Auburn's first 'hospital' still standing

About 30 years ago, a few old homes near Auburn resident Ada Lowe were torn down to make way for expansions to what was then-Auburn General Hospital. Lowe wasn’t having it. She kicked off a campaign to save not only a home, but the city’s first makeshift medical center, according to a 1991 States News Service release.

Her efforts saved the Oscar Blomeen House, now listed on the National Register of Historic Places. Lowe and her family had lived in the home since 1966. Blomeen built the house for his family in 1913, then moved to Bremerton in 1917 to work in the Navy shipyard.

In his absence, he rented the house to the Stone sisters, nurses who turned the home into the community’s first hospital as the flu epidemics of 1917 and 1919 raged.
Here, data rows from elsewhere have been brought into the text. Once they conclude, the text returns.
lemma finite_real_valuation_decomposition:
  assumes "finite_real_valuation X \<mu>"
  shows "\<exists>(n::nat) C a. (\<forall>i<n. closedin X (C i) \<and> irreducible_in X (C i) \<and> 0 < a i) \<and>
           (\<forall>U. openin X U \<longrightarrow> \<mu> U = (\<Sum>i<n. a i * of_bool (U \<inter> C i \<noteq> {})))"
  using assms
proof (induction "card (\<mu> ` {U. openin X U})" arbitrary: \<mu> rule: less_induct)
  case less
  interpret finite_real_valuation X \<mu>
    by (fact less.prems)
  show ?case
  proof (cases "\<forall>U. openin X U \<longrightarrow> \<mu> U = 0")
    case True
    show ?thesis
      by (rule exI[where x = 0]) (simp add: True)
  next
    case False
    then obtain U0 where "openin X U0" "\<mu> U0 \<noteq> 0"
      by blast
    then obtain C c where C: "closedin X C" "irreducible_in X C" "0 < c"
      and rest: "finite_real_valuation X (\<lambda>W. \<mu> W - c * of_bool (W \<inter> C \<noteq> {}))"
      and smaller: "card ((\<lambda>W. \<mu> W - c * of_bool (W \<inter> C \<noteq> {})) ` {W. openin X W})
                    < card (\<mu> ` {W. openin X W})"
      by (rule split_off_point_val)
    obtain n :: nat and C' a where C': "\<forall>i<n. closedin X (C' i) \<and> irreducible_in X (C' i) \<and> 0 < a i"
      and sum: "\<forall>U. openin X U \<longrightarrow> \<mu> U - c * of_bool (U \<inter> C \<noteq> {}) = (\<Sum>i<n. a i * of_bool (U \<inter> C' i \<noteq> {}))"
      using less.hyps[OF smaller rest] by blast
    have "\<mu> U = (\<Sum>i<Suc n. (a(n := c)) i * of_bool (U \<inter> (C'(n := C)) i \<noteq> {}))" if "openin X U" for U
      using sum[rule_format, OF that] by auto
    moreover have "\<forall>i<Suc n. closedin X ((C'(n := C)) i) \<and> irreducible_in X ((C'(n := C)) i) \<and> 0 < (a(n := c)) i"
      using C C' by (simp add: less_Suc_eq)
    ultimately show ?thesis
      by (intro exI[where x = "Suc n"] exI[where x = "C'(n := C)"] exI[where x = "a(n := c)"]) blast
  qed
qed

lemma valuation_lt_top:
  assumes "valuation X \<nu>" "bounded_valuation X \<nu>" "openin X U"
  shows "\<nu> U < top"
proof -
  have "\<nu> U \<le> \<nu> (topspace X)"
    using assms(1,3) openin_subset[OF assms(3)] unfolding valuation_def by auto
  then show ?thesis
    using assms(2) unfolding bounded_valuation_def by simp
qed

lemma finite_real_valuation_enn2real:
  assumes cv: "continuous_valuation X \<nu>" and bd: "bounded_valuation X \<nu>"
    and fin: "finite (\<nu> ` {U. openin X U})"
  shows "finite_real_valuation X (\<lambda>U. enn2real (\<nu> U))"
proof -
  have val: "valuation X \<nu>"
    using cv unfolding continuous_valuation_def by simp
  note lt_top = valuation_lt_top[OF val bd]
  show ?thesis
  proof
    show "enn2real (\<nu> {}) = 0"
      using val unfolding valuation_def by simp
    show "enn2real (\<nu> U) \<le> enn2real (\<nu> V)" if "openin X U" "openin X V" "U \<subseteq> V" for U V
      using val that lt_top[OF that(2)] unfolding valuation_def by (simp add: enn2real_mono)
    show "enn2real (\<nu> U) + enn2real (\<nu> V) = enn2real (\<nu> (U \<union> V)) + enn2real (\<nu> (U \<inter> V))"
      if "openin X U" "openin X V" for U V
    proof -
      have "\<nu> U + \<nu> V = \<nu> (U \<union> V) + \<nu> (U \<inter> V)"
        using val that unfolding valuation_def by blast
      then have "enn2real (\<nu> U + \<nu> V) = enn2real (\<nu> (U \<union> V) + \<nu> (U \<inter> V))"
        by simp
      then show ?thesis
        using that by (simp add: enn2real_plus lt_top openin_Int openin_Un)
    qed
    show "\<exists>W\<in>D. enn2real (\<nu> (\<Union>D)) = enn2real (\<nu> W)" if D: "directed_opens X D" for D
    proof -
      have "\<nu> ` D \<subseteq> \<nu> ` {U. openin X U}"
        using directed_opens_openin[OF D] by auto
      then have "finite (\<nu> ` D)"
        using fin by (rule finite_subset)
      then have "Sup (\<nu> ` D) \<in> \<nu> ` D"
        using directed_opens_nonempty[OF D] by (intro finite_Sup_in) (auto simp: sup_max max_def)
      moreover have "\<nu> (\<Union>D) = Sup (\<nu> ` D)"
        using cv D unfolding continuous_valuation_def by blast
      ultimately show ?thesis
        by auto
    qed
    show "finite ((\<lambda>U. enn2real (\<nu> U)) ` {U. openin X U})"
      using finite_imageI[OF fin, of enn2real] by (simp add: image_image)
  qed
qed

lemma sum_point_val_decomposition:
  assumes "continuous_valuation X \<nu>" "bounded_valuation X \<nu>" "finite (\<nu> ` {U. openin X U})"
  shows "\<exists>(n::nat) C (a :: nat \<Rightarrow> ennreal).
           (\<forall>i<n. closedin X (C i) \<and> irreducible_in X (C i) \<and> 0 < a i \<and> a i < \<infinity>) \<and>
           (\<forall>U. openin X U \<longrightarrow> \<nu> U = (\<Sum>i<n. a i * point_val (C i) U))"
proof -
  obtain n :: nat and C a where C: "\<forall>i<n. closedin X (C i) \<and> irreducible_in X (C i) \<and> 0 < a i"
    and sum: "\<forall>U. openin X U \<longrightarrow> enn2real (\<nu> U) = (\<Sum>i<n. a i * of_bool (U \<inter> C i \<noteq> {}))"
    using finite_real_valuation_decomposition[OF finite_real_valuation_enn2real[OF assms]] by blast
  have "\<nu> U = (\<Sum>i<n. ennreal (a i) * point_val (C i) U)" if U: "openin X U" for U
  proof -
    have "valuation X \<nu>"
      using assms(1) unfolding continuous_valuation_def by simp
    then have "\<nu> U = ennreal (enn2real (\<nu> U))"
      using valuation_lt_top[OF _ assms(2) U] by simp
    also have "\<dots> = ennreal (\<Sum>i<n. a i * of_bool (U \<inter> C i \<noteq> {}))"
      using sum U by simp
    also have "\<dots> = (\<Sum>i<n. ennreal (a i * of_bool (U \<inter> C i \<noteq> {})))"
      using C by (subst sum_ennreal) auto
    also have "\<dots> = (\<Sum>i<n. ennreal (a i) * point_val (C i) U)"
      by (intro sum.cong) (auto simp: point_val_def)
    finally show ?thesis .
  qed
  then show ?thesis
    using C by (intro exI[where x = n] exI[where x = C] exI[where x = "\<lambda>i. ennreal (a i)"]) auto
qed

lemma valuation_sum_point_val:
  fixes a :: "nat \<Rightarrow> ennreal"
  assumes C: "\<forall>i<n. irreducible_in X (C i)"
    and \<nu>: "\<forall>U. openin X U \<longrightarrow> \<nu> U = (\<Sum>i<n. a i * point_val (C i) U)"
  shows "valuation X \<nu>"
  unfolding valuation_def
proof (intro conjI allI impI)
  show "\<nu> {} = 0"
    using \<nu> by (simp add: point_val_def)
  fix U V
  show "\<nu> U \<le> \<nu> V" if "openin X U \<and> openin X V \<and> U \<subseteq> V"
    using that \<nu> by (auto intro!: sum_mono mult_left_mono point_val_mono)
  show "\<nu> U + \<nu> V = \<nu> (U \<union> V) + \<nu> (U \<inter> V)" if UV: "openin X U \<and> openin X V"
  proof -
    have "\<nu> U + \<nu> V = (\<Sum>i<n. a i * (point_val (C i) U + point_val (C i) V))"
      using \<nu> UV by (simp add: sum.distrib distrib_left)
    also have "\<dots> = (\<Sum>i<n. a i * (point_val (C i) (U \<union> V) + point_val (C i) (U \<inter> V)))"
    proof (rule sum.cong[OF refl])
      fix i assume "i \<in> {..<n}"
      then have "point_val (C i) U + point_val (C i) V = point_val (C i) (U \<union> V) + point_val (C i) (U \<inter> V)"
        unfolding point_val_eq_of_bool using C UV by (intro of_bool_meets_modular) auto
      then show "a i * (point_val (C i) U + point_val (C i) V)
          = a i * (point_val (C i) (U \<union> V) + point_val (C i) (U \<inter> V))"
        by simp
    qed
    also have "\<dots> = \<nu> (U \<union> V) + \<nu> (U \<inter> V)"
      using \<nu> UV by (simp add: sum.distrib distrib_left openin_Un openin_Int)
    finally show ?thesis .
  qed
qed

lemma continuous_valuation_sum_point_val:
  fixes a :: "nat \<Rightarrow> ennreal"
  assumes C: "\<forall>i<n. irreducible_in X (C i)"
    and \<nu>: "\<forall>U. openin X U \<longrightarrow> \<nu> U = (\<Sum>i<n. a i * point_val (C i) U)"
  shows "continuous_valuation X \<nu>"
  unfolding continuous_valuation_def
proof (intro conjI allI impI)
  show val: "valuation X \<nu>"
    using valuation_sum_point_val[OF C \<nu>] .
  fix D assume D: "directed_opens X D"
  have "openin X (\<Union>D)"
    using directed_opens_openin[OF D] by auto
  define I where "I = {i. i < n \<and> \<Union>D \<inter> C i \<noteq> {}}"
  have "\<forall>i\<in>I. \<exists>W\<in>D. W \<inter> C i \<noteq> {}"
    unfolding I_def by blast
  then obtain f where f: "\<And>i. i \<in> I \<Longrightarrow> f i \<in> D \<and> f i \<inter> C i \<noteq> {}"
    by metis
  have "finite (f ` I)" "f ` I \<subseteq> D"
    using f unfolding I_def by auto
  then obtain W where W: "W \<in> D" "\<Union>(f ` I) \<subseteq> W"
    using directed_opens_upper_bound[OF D] by blast
  have "point_val (C i) (\<Union>D) \<le> point_val (C i) W" if "i < n" for i
  proof (cases "i \<in> I")
    case True
    then have "W \<inter> C i \<noteq> {}"
      using f W(2) by blast
    then show ?thesis
      by (simp add: point_val_def)
  next
    case False
    then show ?thesis
      using that unfolding I_def by (simp add: point_val_def)
  qed
  then have "\<nu> (\<Union>D) \<le> \<nu> W"
    using \<nu> \<open>openin X (\<Union>D)\<close> directed_opens_openin[OF D W(1)]
    by (auto intro!: sum_mono mult_left_mono)
  also have "\<dots> \<le> (SUP U\<in>D. \<nu> U)"
    using W(1) by (rule SUP_upper)
  finally show "\<nu> (\<Union>D) = (SUP U\<in>D. \<nu> U)"
    using val \<open>openin X (\<Union>D)\<close> directed_opens_openin[OF D]
    by (intro antisym SUP_least) (auto simp: valuation_def)
qed

lemma finite_values_sum_point_val:
  fixes n :: nat
  shows "finite ((\<lambda>U. \<Sum>i<n. a i * point_val (C i) U) ` A)"
proof -
  have "(\<Sum>i<n. a i * point_val (C i) U) = sum a {i \<in> {..<n}. U \<inter> C i \<noteq> {}}" for U
    by (subst sum.inter_filter) (auto simp: point_val_def intro!: sum.cong)
  then have "(\<lambda>U. \<Sum>i<n. a i * point_val (C i) U) ` A \<subseteq> sum a ` Pow {..<n}"
    by auto
  then show ?thesis
    by (rule finite_subset) simp
qed

lemma sum_point_val_continuous_bounded_finite:
  fixes a :: "nat \<Rightarrow> ennreal"
  assumes C: "\<forall>i<n. irreducible_in X (C i) \<and> a i < \<infinity>"
    and \<nu>: "\<forall>U. openin X U \<longrightarrow> \<nu> U = (\<Sum>i<n. a i * point_val (C i) U)"
  shows "continuous_valuation X \<nu> \<and> bounded_valuation X \<nu> \<and> finite (\<nu> ` {U. openin X U})"
proof (intro conjI)
  show "continuous_valuation X \<nu>"
    using C by (intro continuous_valuation_sum_point_val[OF _ \<nu>]) auto
  show "bounded_valuation X \<nu>"
    using C \<nu> unfolding bounded_valuation_def by (simp add: point_val_def)
  have "\<nu> ` {U. openin X U} = (\<lambda>U. \<Sum>i<n. a i * point_val (C i) U) ` {U. openin X U}"
    using \<nu> by (intro image_cong) auto
  then show "finite (\<nu> ` {U. openin X U})"
    by (simp add: finite_values_sum_point_val)
qed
By some accounts, Drs. Owen Taylor and Martin Lacey worked out of the Blomeen house during this time through about 1920.

There were a number of babies delivered in the bedroom-turned-operating room on the second floor that the house became known as “The Baby Hospital.” Blomeen moved his family back to their Auburn home in the 1920s, and Taylor and Kent opened their own hospital, forerunner of Auburn General, now MultiCare Auburn Medical Center.

Blomeen worked and lived in his home until Lowe persuaded him to sell her the house for $25,000. Blomeen then stayed in the older “Little House” behind the main house until his death in 1968 at age 94.

With her heart set on turning the home into a bed and breakfast, Lowe began renovating the home in earnest in 1975, according to the States News Service. Her son, Dennis Hefner, 42, a baker by trade, has since replaced all the rotted wood floors, re-tiled the kitchen and bathrooms and furnished the entire house with period antiques.